Nietzsche évoque des hypothèses généalogiques à rebours et perverses. Nietzsche écrit son ouvrage
dans la critique d’une ou plusieurs autres généalogies existantes de la morale. « Bon et méchant »,
« bon et mauvais » : problème des sens qui ont été donnés à ces termes (ce n’est pas un pb de def :
qu’est-ce qu’être bon ou méchant) ; qu’est-ce que ça a voulu dire, pourquoi, et quand ça a changé ?
La question généalogique, au sens de Nietzsche, est la suivante : quelle est la volonté de puissance
qui s’est emparée de telle ou telle chose pour lui conférer et pour imposer tel ou tel sens ? Il faut se
défaire de ce que nous avons appris. [Dans le dialogue platonicien, le but est d’imposer une question,
pas tant une réponse, et imposer une manière de traiter la question. Et Socrate a triomphé, imposant
la nécessité de la définition et l’essence]. Pour Nietzsche, il n’y a pas d’essence, et donc pas de déf.

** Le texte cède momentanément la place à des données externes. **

(* If $X,Y,Z,W$ are independent real-valued continuous random variables, then $$h(X+Y+Z+W)+h(Y)+h(Z)\leq h(X+Y)+h(Y+Z)+h(Z+W).$$
   Context: Standing conventions: random variables are real-valued with densities and all differential entropies $h$ appearing exist and are finite. *)

theory Defs
  imports "HOL-Probability.Probability"
begin

definition diff_entropy :: "'a measure \<Rightarrow> ('a \<Rightarrow> real) \<Rightarrow> real" where
  "diff_entropy M V = prob_space.entropy M (exp 1) lborel V"

definition has_finite_diff_entropy :: "'a measure \<Rightarrow> ('a \<Rightarrow> real) \<Rightarrow> bool" where
  "has_finite_diff_entropy M V \<longleftrightarrow>
     (\<exists>f. distributed M lborel V f \<and> (\<forall>x. 0 \<le> f x) \<and>
          integrable lborel (\<lambda>x. f x * ln (f x)))"

end

theory Submission
  imports Defs
begin

(* Write S = X+Y+Z+W and f_V for the density of V, so that h(V) = -E[ln f_V(V)].  The claimed
   inequality is E[ln R] <= 0 for the random ratio
       R = f_{X+Y}(X+Y) f_{Y+Z}(Y+Z) f_{Z+W}(Z+W) / (f_S(S) f_Y(Y) f_Z(Z)),
   and since ln t <= t - 1 it suffices to show E[R] <= 1 (a Gibbs-type argument).

   E[R] is an iterated integral against the joint density f_X(x) f_W(w) f_Y(y) f_Z(z).  The
   factors f_Y f_Z cancel, and after the translations a = x + y, c = z + w the inner
   (y, z)-integral becomes
       int int f_{X+Y}(a) f_{Y+Z}(a + c - x - w) f_{Z+W}(c) / f_S(a + c) da dc,
   which is at most 1 because f_{X+Y} * f_{Z+W} = f_S (X+Y and Z+W are independent) and
   f_{Y+Z} integrates to 1. *)

section \<open>Lebesgue integrals on the real line\<close>

lemma nn_integral_lborel_translate:
  fixes f :: "real \<Rightarrow> ennreal"
  assumes [measurable]: "f \<in> borel_measurable borel"
  shows "(\<integral>\<^sup>+x. f (x + t) \<partial>lborel) = (\<integral>\<^sup>+x. f x \<partial>lborel)"
  using nn_integral_real_affine[OF assms, of 1 t] by (simp add: add.commute)

lemma nn_integral_lborel_swap:
  fixes f :: "real \<Rightarrow> real \<Rightarrow> ennreal"
  assumes "case_prod f \<in> borel_measurable (borel \<Otimes>\<^sub>M borel)"
  shows "(\<integral>\<^sup>+x. \<integral>\<^sup>+y. f x y \<partial>lborel \<partial>lborel) = (\<integral>\<^sup>+y. \<integral>\<^sup>+x. f x y \<partial>lborel \<partial>lborel)"
proof -
  have "sets (lborel \<Otimes>\<^sub>M lborel) = sets (borel \<Otimes>\<^sub>M (borel :: real measure))"
    by (rule sets_pair_measure_cong) simp_all
  then have "case_prod f \<in> borel_measurable (lborel \<Otimes>\<^sub>M lborel)"
    using assms measurable_cong_sets by blast
  from lborel_pair.Fubini'[OF this] show ?thesis
    by simp
qed

section \<open>Densities and independence\<close>

lemma (in prob_space) distributed_total_mass:
  assumes "distributed M lborel V f"
  shows "(\<integral>\<^sup>+x. f x \<partial>lborel) = 1"
  using distributed_emeasure[OF assms, of UNIV] by (simp add: emeasure_space_1)

lemma (in prob_space) nn_integral_indep_vars4:
  fixes V :: "'i \<Rightarrow> 'a \<Rightarrow> real" and F :: "real \<times> real \<times> real \<times> real \<Rightarrow> ennreal"
  assumes indep: "indep_vars (\<lambda>_. borel) V {i, j, k, l}" and distinct: "distinct [i, j, k, l]"
    and dens: "distributed M lborel (V i) fi" "distributed M lborel (V j) fj"
      "distributed M lborel (V k) fk" "distributed M lborel (V l) fl"
    and [measurable]: "F \<in> borel_measurable (borel \<Otimes>\<^sub>M borel \<Otimes>\<^sub>M borel \<Otimes>\<^sub>M borel)"
  shows "(\<integral>\<^sup>+\<omega>. F (V i \<omega>, V j \<omega>, V k \<omega>, V l \<omega>) \<partial>M) =
    (\<integral>\<^sup>+a. fi a * (\<integral>\<^sup>+b. fj b * (\<integral>\<^sup>+c. fk c * (\<integral>\<^sup>+d. fl d * F (a, b, c, d)
       \<partial>lborel) \<partial>lborel) \<partial>lborel) \<partial>lborel)"
proof -
  define I where "I = {i, j, k, l}"
  define N where "N n = (if n \<in> I then distr M borel (V n) else lborel)" for n
  have rv[measurable]: "V n \<in> borel_measurable M" if "n \<in> I" for n
    using indep that unfolding I_def indep_vars_def by auto
  have [measurable_cong]: "sets (N n) = sets borel" for n
    by (simp add: N_def)
  interpret N: product_sigma_finite N
    unfolding product_sigma_finite_def N_def
    by (auto intro!: prob_space_imp_sigma_finite prob_space_distr rv
        simp: lborel.sigma_finite_measure_axioms)
  have joint: "distr M (\<Pi>\<^sub>M n\<in>I. borel) (\<lambda>\<omega>. \<lambda>n\<in>I. V n \<omega>) = (\<Pi>\<^sub>M n\<in>I. N n)"
    using indep_vars_iff_distr_eq_PiM'[where I = I and M' = "\<lambda>_. borel" and X = V] indep rv
    by (auto simp: I_def N_def intro!: PiM_cong)
  have marginal: "N n = density lborel f" if "n \<in> I" "distributed M lborel (V n) f" for n f
    using that unfolding N_def distributed_def by (auto cong: distr_cong)
  have "(\<integral>\<^sup>+\<omega>. F (V i \<omega>, V j \<omega>, V k \<omega>, V l \<omega>) \<partial>M)
      = (\<integral>\<^sup>+v. F (v i, v j, v k, v l) \<partial>distr M (\<Pi>\<^sub>M n\<in>I. borel) (\<lambda>\<omega>. \<lambda>n\<in>I. V n \<omega>))"
    by (subst nn_integral_distr) (auto simp: I_def intro!: measurable_restrict)
  also have "\<dots> = (\<integral>\<^sup>+v. F (v i, v j, v k, v l) \<partial>(\<Pi>\<^sub>M n\<in>insert i (insert j (insert k {l})). N n))"
    using joint by (simp add: I_def)
  also have "\<dots> = (\<integral>\<^sup>+a. \<integral>\<^sup>+v. F (a, v j, v k, v l) \<partial>(\<Pi>\<^sub>M n\<in>insert j (insert k {l}). N n) \<partial>N i)"
    using distinct by (subst N.product_nn_integral_insert_rev) auto
  also have "\<dots> = (\<integral>\<^sup>+a. \<integral>\<^sup>+b. \<integral>\<^sup>+v. F (a, b, v k, v l) \<partial>(\<Pi>\<^sub>M n\<in>insert k {l}. N n) \<partial>N j \<partial>N i)"
    using distinct by (subst N.product_nn_integral_insert_rev) auto
  also have "\<dots> = (\<integral>\<^sup>+a. \<integral>\<^sup>+b. \<integral>\<^sup>+c. \<integral>\<^sup>+v. F (a, b, c, v l) \<partial>(\<Pi>\<^sub>M n\<in>{l}. N n) \<partial>N k \<partial>N j \<partial>N i)"
    using distinct by (subst N.product_nn_integral_insert_rev) auto
  also have "\<dots> = (\<integral>\<^sup>+a. \<integral>\<^sup>+b. \<integral>\<^sup>+c. \<integral>\<^sup>+d. F (a, b, c, d) \<partial>N l \<partial>N k \<partial>N j \<partial>N i)"
    by (subst N.product_nn_integral_singleton) auto
  also have "\<dots> = (\<integral>\<^sup>+a. fi a * (\<integral>\<^sup>+b. fj b * (\<integral>\<^sup>+c. fk c * (\<integral>\<^sup>+d. fl d * F (a, b, c, d)
       \<partial>lborel) \<partial>lborel) \<partial>lborel) \<partial>lborel)"
    using dens by (simp add: marginal I_def nn_integral_density distributed_borel_measurable)
  finally show ?thesis .
qed

lemma (in prob_space) indep_var_sums:
  fixes V :: "'i \<Rightarrow> 'a \<Rightarrow> real"
  assumes indep: "indep_vars (\<lambda>_. borel) V {i, j, k, l}" and distinct: "distinct [i, j, k, l]"
  shows "indep_var borel (\<lambda>\<omega>. V i \<omega> + V j \<omega>) borel (\<lambda>\<omega>. V k \<omega> + V l \<omega>)"
proof -
  have "indep_var borel ((\<lambda>v. v i + v j) \<circ> (\<lambda>\<omega>. restrict (\<lambda>n. V n \<omega>) {i, j}))
      borel ((\<lambda>v. v k + v l) \<circ> (\<lambda>\<omega>. restrict (\<lambda>n. V n \<omega>) {k, l}))"
    using distinct by (intro indep_var_compose[OF indep_var_restrict[OF indep]]) auto
  then show ?thesis
    by (simp add: comp_def)
qed

section \<open>The analytic estimate\<close>

text \<open>If \<open>pS\<close> is the convolution of \<open>pA\<close> and \<open>pC\<close> and \<open>pB\<close> is a probability density,
  then weighting \<open>pA(a) pC(c) / pS(a + c)\<close> with any translate of \<open>pB(a + c)\<close> has mass at
  most 1: integrating over the fibres \<open>a + c = s\<close> turns the ratio into 1.\<close>
lemma convolution_ratio_integral_le_1:
  fixes pA pB pC pS :: "real \<Rightarrow> real" and t :: real
  assumes [measurable]: "pA \<in> borel_measurable borel" "pB \<in> borel_measurable borel"
      "pC \<in> borel_measurable borel" "pS \<in> borel_measurable borel"
    and nonneg: "\<And>x. 0 \<le> pA x" "\<And>x. 0 \<le> pB x" "\<And>x. 0 \<le> pC x" "\<And>x. 0 \<le> pS x"
    and conv: "AE s in lborel. (\<integral>\<^sup>+c. ennreal (pA (s - c)) * ennreal (pC c) \<partial>lborel) = ennreal (pS s)"
    and total_B: "(\<integral>\<^sup>+s. ennreal (pB s) \<partial>lborel) = 1"
  shows "(\<integral>\<^sup>+a. \<integral>\<^sup>+c. ennreal (pA a * pB (a + c - t) * pC c / pS (a + c)) \<partial>lborel \<partial>lborel) \<le> 1"
proof -
  define q where "q s = pB (s - t) / pS s" for s
  have q_nonneg: "0 \<le> q s" for s
    unfolding q_def using nonneg by simp
  have "(\<integral>\<^sup>+a. \<integral>\<^sup>+c. ennreal (pA a * pB (a + c - t) * pC c / pS (a + c)) \<partial>lborel \<partial>lborel)
      = (\<integral>\<^sup>+c. \<integral>\<^sup>+a. ennreal (pA a * pB (a + c - t) * pC c / pS (a + c)) \<partial>lborel \<partial>lborel)"
    by (rule nn_integral_lborel_swap) measurable
  also have "\<dots> = (\<integral>\<^sup>+c. \<integral>\<^sup>+s. ennreal (pA (s - c) * pB (s - t) * pC c / pS s) \<partial>lborel \<partial>lborel)"
  proof (rule nn_integral_cong)
    fix c :: real
    show "(\<integral>\<^sup>+a. ennreal (pA a * pB (a + c - t) * pC c / pS (a + c)) \<partial>lborel)
        = (\<integral>\<^sup>+s. ennreal (pA (s - c) * pB (s - t) * pC c / pS s) \<partial>lborel)"
      by (subst nn_integral_lborel_translate[symmetric, of _ "-c"]) (simp_all, measurable)
  qed
  also have "\<dots> = (\<integral>\<^sup>+s. \<integral>\<^sup>+c. ennreal (q s) * (ennreal (pA (s - c)) * ennreal (pC c)) \<partial>lborel \<partial>lborel)"
    by (subst nn_integral_lborel_swap)
      (auto simp: q_def nonneg ennreal_mult[symmetric] intro!: nn_integral_cong)
  also have "\<dots> = (\<integral>\<^sup>+s. ennreal (q s) * (\<integral>\<^sup>+c. ennreal (pA (s - c)) * ennreal (pC c) \<partial>lborel) \<partial>lborel)"
    by (intro nn_integral_cong nn_integral_cmult) (simp add: q_def)
  also have "\<dots> \<le> (\<integral>\<^sup>+s. ennreal (pB (s - t)) \<partial>lborel)"
  proof (rule nn_integral_mono_AE)
    show "AE s in lborel. ennreal (q s) * (\<integral>\<^sup>+c. ennreal (pA (s - c)) * ennreal (pC c) \<partial>lborel)
        \<le> ennreal (pB (s - t))"
      using conv
    proof eventually_elim
      case (elim s)
      have "q s * pS s \<le> pB (s - t)"
        using nonneg by (cases "pS s = 0") (simp_all add: q_def)
      then show ?case
        unfolding elim by (simp add: q_nonneg nonneg ennreal_mult[symmetric] del: ennreal_mult)
    qed
  qed
  also have "\<dots> = 1"
    using total_B nn_integral_lborel_translate[of "\<lambda>s. ennreal (pB s)" "-t"] by simp
  finally show ?thesis .
qed

lemma mult_cancel_ratio_le:
  fixes p q r :: real
  assumes "0 \<le> p" "0 \<le> q" "0 \<le> r"
  shows "p * (q * (r / (p * q))) \<le> r"
  using assms by (cases "p = 0 \<or> q = 0") auto

text \<open>For fixed \<open>x, w\<close>: weighting the ratio \<open>R\<close> with the densities \<open>pY(y) pZ(z)\<close> cancels its
  denominator factors \<open>pY(y) pZ(z)\<close>; the translations \<open>a = x + y\<close>, \<open>c = z + w\<close> then lead to
  the convolution estimate.\<close>
lemma marginal_cancellation_le_1:
  fixes pY pZ pA pB pC pS :: "real \<Rightarrow> real" and x w :: real
  assumes [measurable]: "pY \<in> borel_measurable borel" "pZ \<in> borel_measurable borel"
      "pA \<in> borel_measurable borel" "pB \<in> borel_measurable borel"
      "pC \<in> borel_measurable borel" "pS \<in> borel_measurable borel"
    and nonneg: "\<And>x. 0 \<le> pY x" "\<And>x. 0 \<le> pZ x"
      "\<And>x. 0 \<le> pA x" "\<And>x. 0 \<le> pB x" "\<And>x. 0 \<le> pC x" "\<And>x. 0 \<le> pS x"
    and conv: "AE s in lborel. (\<integral>\<^sup>+c. ennreal (pA (s - c)) * ennreal (pC c) \<partial>lborel) = ennreal (pS s)"
    and total_B: "(\<integral>\<^sup>+s. ennreal (pB s) \<partial>lborel) = 1"
  shows "(\<integral>\<^sup>+y. ennreal (pY y) * (\<integral>\<^sup>+z. ennreal (pZ z) *
      ennreal (pA (x + y) * pB (y + z) * pC (z + w) / (pS (x + y + z + w) * pY y * pZ z))
      \<partial>lborel) \<partial>lborel) \<le> 1"
proof -
  define g where "g y z = pA (x + y) * pB (y + z) * pC (z + w) / pS (x + y + z + w)" for y z
  have g_nonneg: "0 \<le> g y z" for y z
    unfolding g_def using nonneg by simp
  define r where "r y z = g y z / (pY y * pZ z)" for y z
  have r_nonneg: "0 \<le> r y z" for y z
    unfolding r_def using g_nonneg nonneg by simp
  have [measurable]: "r y \<in> borel_measurable borel" for y
    unfolding r_def g_def by measurable
  define h where "h a c = ennreal (pA a * pB (a + c - (x + w)) * pC c / pS (a + c))" for a c
  have [measurable]: "case_prod h \<in> borel_measurable (borel \<Otimes>\<^sub>M borel)"
    unfolding h_def by measurable
  have "(\<integral>\<^sup>+y. ennreal (pY y) * (\<integral>\<^sup>+z. ennreal (pZ z) * ennreal (r y z) \<partial>lborel) \<partial>lborel)
      = (\<integral>\<^sup>+y. \<integral>\<^sup>+z. ennreal (pY y * (pZ z * r y z)) \<partial>lborel \<partial>lborel)"
    by (intro nn_integral_cong, subst nn_integral_cmult[symmetric])
      (auto simp: r_nonneg nonneg ennreal_mult intro!: nn_integral_cong)
  also have "\<dots> \<le> (\<integral>\<^sup>+y. \<integral>\<^sup>+z. ennreal (g y z) \<partial>lborel \<partial>lborel)"
    unfolding r_def
    by (intro nn_integral_mono ennreal_leI mult_cancel_ratio_le) (simp_all add: g_nonneg nonneg)
  also have "\<dots> = (\<integral>\<^sup>+y. \<integral>\<^sup>+z. h (y + x) (z + w) \<partial>lborel \<partial>lborel)"
    by (intro nn_integral_cong) (simp add: g_def h_def algebra_simps)
  also have "\<dots> = (\<integral>\<^sup>+y. \<integral>\<^sup>+c. h (y + x) c \<partial>lborel \<partial>lborel)"
    by (intro nn_integral_cong nn_integral_lborel_translate) measurable
  also have "\<dots> = (\<integral>\<^sup>+a. \<integral>\<^sup>+c. h a c \<partial>lborel \<partial>lborel)"
    by (rule nn_integral_lborel_translate[where f = "\<lambda>a. \<integral>\<^sup>+c. h a c \<partial>lborel"]) measurable
  also have "\<dots> \<le> 1"
    unfolding h_def by (rule convolution_ratio_integral_le_1) (use nonneg conv total_B in simp_all)
  finally show ?thesis
    by (simp add: r_def g_def mult.assoc)
qed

« Tout ce qui a une histoire échappe à la définition », et tout a une histoire. Dès le titre de la 1ère
dissert, il écarte ces préoccupations ; il demande, non pas ce que sont le bien et le mal, mais cmt on
les a définis. Les mots n’ont pas de sens fixe, la signification est tjr l’objet d’un conflit.
Les historiens de la morale pensent de façon anhistorique. Cet historien écrit un récit, mais il ne se
passe rien. 1ère étape : a été défini cô bon ce qui était utile au plus gd nb. 2e étape : on s’habitue (il
devient évident) à faire ce qui est utile au plus gd nb. 3e étape : l’habitude est indissociable de l’oubli
(cô on s’habitue à des « évidences », on oublie pq il est bien ou mal de faire ceci (l’utilité). 4e étape :
l’erreur ; ayant oublié, on va inventer d’autres motifs (ex : la loi morale de Kant). Utilité-habitudeoubli-erreur. C’est très anglais. Paul Rée notamment. Mandeville : la politesse, c’est la dissimulation
de l’orgueil (par intérêt) ; l’éducation apprend à l’individu qu’il est avantageux de paraître modeste ;
et la politesse s’accompagne de l’oubli des origines de la politesse. Raisonner comme ça, c’est faire 2
erreurs. La 1ère tient à l’auteur de l’évaluation. Qui décide de ce qui est bon ou mal ? Le plus gd nb.
Mais c’est faux. Ce sont les forts (ceux qui décident de l’évaluation) ; une aristocratie guerrière. La
1ère erreur porte donc sur l’identité de la volonté de puissance. La 2e porte sur le critère de la
signification : l’utilité est un critère de bourgeois, répond Nietzsche. « Que leur importait l’utilité ? ».
Cette histoire n’est pas une histoire, car le plus important ne change pas : ce qui était jugé bien est tjr
jugé bien. On a jugé vertu la sincérité, vice le mensonge, et on n’a jamais cessé cela. Le partage du
bien et du mal n’a jamais changé pour Mandeville et tout, seul change la compréhension qu’on en a.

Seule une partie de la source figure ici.